> [TASK TO COMPLETE]
Give every line from the entries that contains "CARD".

:: EXTRACTED DATA ::

lemma periodic_antiderivative:
  fixes h :: "real \<Rightarrow> real"
  assumes cont: "continuous_on UNIV h" and periodic: "\<And>t. h (t + 1) = h t"
    and mean: "integral {0..1} h = 0"
  obtains F where "\<And>t. (F has_real_derivative h t) (at t)" "\<And>t. F (t + 1) = F t"
proof -
  obtain F where F: "\<And>t. (F has_vector_derivative h t) (at t)"
    using einterval_antiderivative[of "-\<infinity>" "\<infinity>" h] cont
    by (auto simp: continuous_on_eq_continuous_at)
  then have F': "(F has_real_derivative h t) (at t)" for t
    by (simp add: has_real_derivative_iff_has_vector_derivative)
  have "(h has_integral (F 1 - F 0)) {0..1}"
    using F by (intro fundamental_theorem_of_calculus) (auto intro: has_vector_derivative_at_within)
  then have F_period: "F 1 = F 0"
    using mean by (simp add: integral_unique)
  have "((\<lambda>t. F (t + 1) - F t) has_real_derivative 0) (at t)" for t
  proof -
    have "((\<lambda>t. F (t + 1)) has_real_derivative h (t + 1)) (at t)"
      using DERIV_shift[of F "h (t + 1)" t 1] F' by simp
    then show ?thesis
      using DERIV_diff[OF _ F'[of t]] periodic by fastforce
  qed
  then have "F (t + 1) - F t = F (0 + 1) - F 0" for t
    by (rule DERIV_isconst_all[rule_format])
  with F_period have "F (t + 1) = F t" for t
    by simp
  with F' show ?thesis
    by (rule that)
qed

lemma smooth_periodic_potential:
  fixes l :: "real^'n::finite" and i1 :: 'n and \<xi> N :: "real^'n \<Rightarrow> real"
  assumes "\<forall>k. l $ k > 0"
    and "smooth_fn \<xi>" "periodic_fn \<xi>" "only_coord i1 \<xi>"
    and "smooth_fn N" "periodic_fn N" "only_coord i1 N"
    and "vol_int (g_len l) (\<lambda>x. \<xi> x * N x) = 0"
  obtains F where "smooth_real F" "\<And>t. F (t + 1) = F t"
    "\<And>t. (F has_real_derivative \<xi> (axis i1 t) * N (axis i1 t)) (at t)"
proof -
  define h where "h t = \<xi> (axis i1 t) * N (axis i1 t)" for t
  have smooth: "smooth_real h"
    unfolding h_def using assms by (intro smooth_real_mult smooth_real_profile)
  then have cont: "continuous_on UNIV h"
    by (intro continuous_at_imp_continuous_on ballI differentiable_imp_continuous_within
        smooth_real_differentiable)
  have "h (t + 1) = h t" for t
    unfolding h_def using assms by (simp add: periodic_fn_axis)
  moreover have "integral {0..1} h = 0"
  proof -
    have "(\<lambda>x::real^'n. \<xi> x * N x) = (\<lambda>x. h (x $ i1))"
      unfolding h_def using assms by (metis only_coord_axis)
    moreover have "(\<Prod>k\<in>UNIV. \<bar>l $ k\<bar>) \<noteq> 0"
      using assms(1) by simp (metis less_irrefl)
    ultimately show ?thesis
      using assms(8) has_integral_unit_cube_coord[OF cont, of i1]
      by (simp add: vol_int_g_len integral_unique)
  qed
  ultimately obtain F where "\<And>t. (F has_real_derivative h t) (at t)" "\<And>t. F (t + 1) = F t"
    using periodic_antiderivative[OF cont] by blast
  with smooth show ?thesis
    using that smooth_real_antiderivative unfolding h_def by blast
qed

lemma periodic_fn_coord_field:
  fixes i :: "'n::finite"
  assumes "\<And>t. w (t + 1) = w t"
  shows "periodic_fn (\<lambda>x::real^'n. axis i (w (x $ i)))"
  unfolding periodic_fn_def
proof (intro allI)
  fix x :: "real^'n" and k
  have "(x + axis k 1) $ i = (if k = i then x $ i + 1 else x $ i)"
    by (simp add: axis_def)
  then show "axis i (w ((x + axis k 1) $ i)) = axis i (w (x $ i))"
    by (simp add: assms)
qed

lemma smooth_fn_coord_field:
  fixes i :: "'n::finite"
  assumes "smooth_real w"
  shows "smooth_fn (\<lambda>x::real^'n. axis i (w (x $ i)) $ k)"
proof -
  have "(\<lambda>x::real^'n. axis i (w (x $ i)) $ k) = (\<lambda>x. (if k = i then w else (\<lambda>_. 0)) (x $ i))"
    by (simp add: fun_eq_iff axis_def)
  then show ?thesis
    using assms smooth_real_const by (simp add: smooth_fn_coord)
qed

lemma cts_solution_coord_field:
  fixes l :: "real^'n::finite" and i1 :: 'n and \<xi> N :: "real^'n \<Rightarrow> real"
  assumes l: "\<forall>k. l $ k > 0" and \<xi>: "smooth_fn \<xi>" "only_coord i1 \<xi>"
    and c: "c > 0" and \<mu>: "\<mu> = \<tau>s * c powr q_of CARD('n)"
    and w: "smooth_real w" "\<And>t. w (t + 1) = w t"
    and killing: "\<forall>x i j. conf_killing (g_len l) (\<lambda>y. axis i1 (w (y $ i1))) x i j / (2 * N x)
                    = c powr (- q_of CARD('n)) * \<xi> x * sigma_flat i1 l x i j"
  shows "cts_solution (g_len l) (\<lambda>x i j. \<mu> * sigma_flat i1 l x i j) \<tau>s \<xi> N (\<lambda>x. c)
           (\<lambda>x. axis i1 (w (x $ i1)))"
proof -
  define q where "q = q_of CARD('n)"
  define r where "r = c powr ((q - 2) / 2)"
  define \<Theta> where "\<Theta> t = (\<tau>s + c powr (- 2 * q) * \<xi> (axis i1 t)) * (r * l $ i1)^2" for t
  have "cts_Kbar (g_len l) (\<lambda>x i j. \<mu> * sigma_flat i1 l x i j) \<tau>s \<xi> N (\<lambda>x. c)
          (\<lambda>x. axis i1 (w (x $ i1)))
      = (\<lambda>x i j. if i = i1 \<and> j = i1 then \<Theta> (x $ i1) else 0)"
    unfolding \<Theta>_def r_def q_def only_coord_axis[OF \<xi>(2), symmetric]
    by (rule cts_Kbar_const[OF c \<mu> killing])
  moreover have "einstein_constraints (g_len (r *\<^sub>R l))
      (\<lambda>x i j. if i = i1 \<and> j = i1 then \<Theta> (x $ i1) else 0)"
  proof (rule einstein_constraints_g_len_coord)
    show "\<forall>k. (r *\<^sub>R l) $ k \<noteq> 0"
      using l c by (simp add: r_def less_imp_neq[symmetric])
    show "\<Theta> differentiable at t" for t
      unfolding \<Theta>_def using \<xi>
      by (intro smooth_real_differentiable smooth_real_mult smooth_real_add smooth_real_const
          smooth_real_profile)
  qed
  moreover have "smooth_fn (\<lambda>x::real^'n. c)"
    by (rule smooth_fn_coord[OF smooth_real_const])
  ultimately show ?thesis
    using c w unfolding cts_solution_def
    by (simp add: cts_gbar_const r_def q_def periodic_fn_coord_field smooth_fn_coord_field)
        (simp add: periodic_fn_def)
qed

:::

> [TASK OUTPUT]
    and c: "c > 0" and \<mu>: "\<mu> = \<tau>s * c powr q_of CARD('n)"
                    = c powr (- q_of CARD('n)) * \<xi> x * sigma_flat i1 l x i j"
  define q where "q = q_of CARD('n)"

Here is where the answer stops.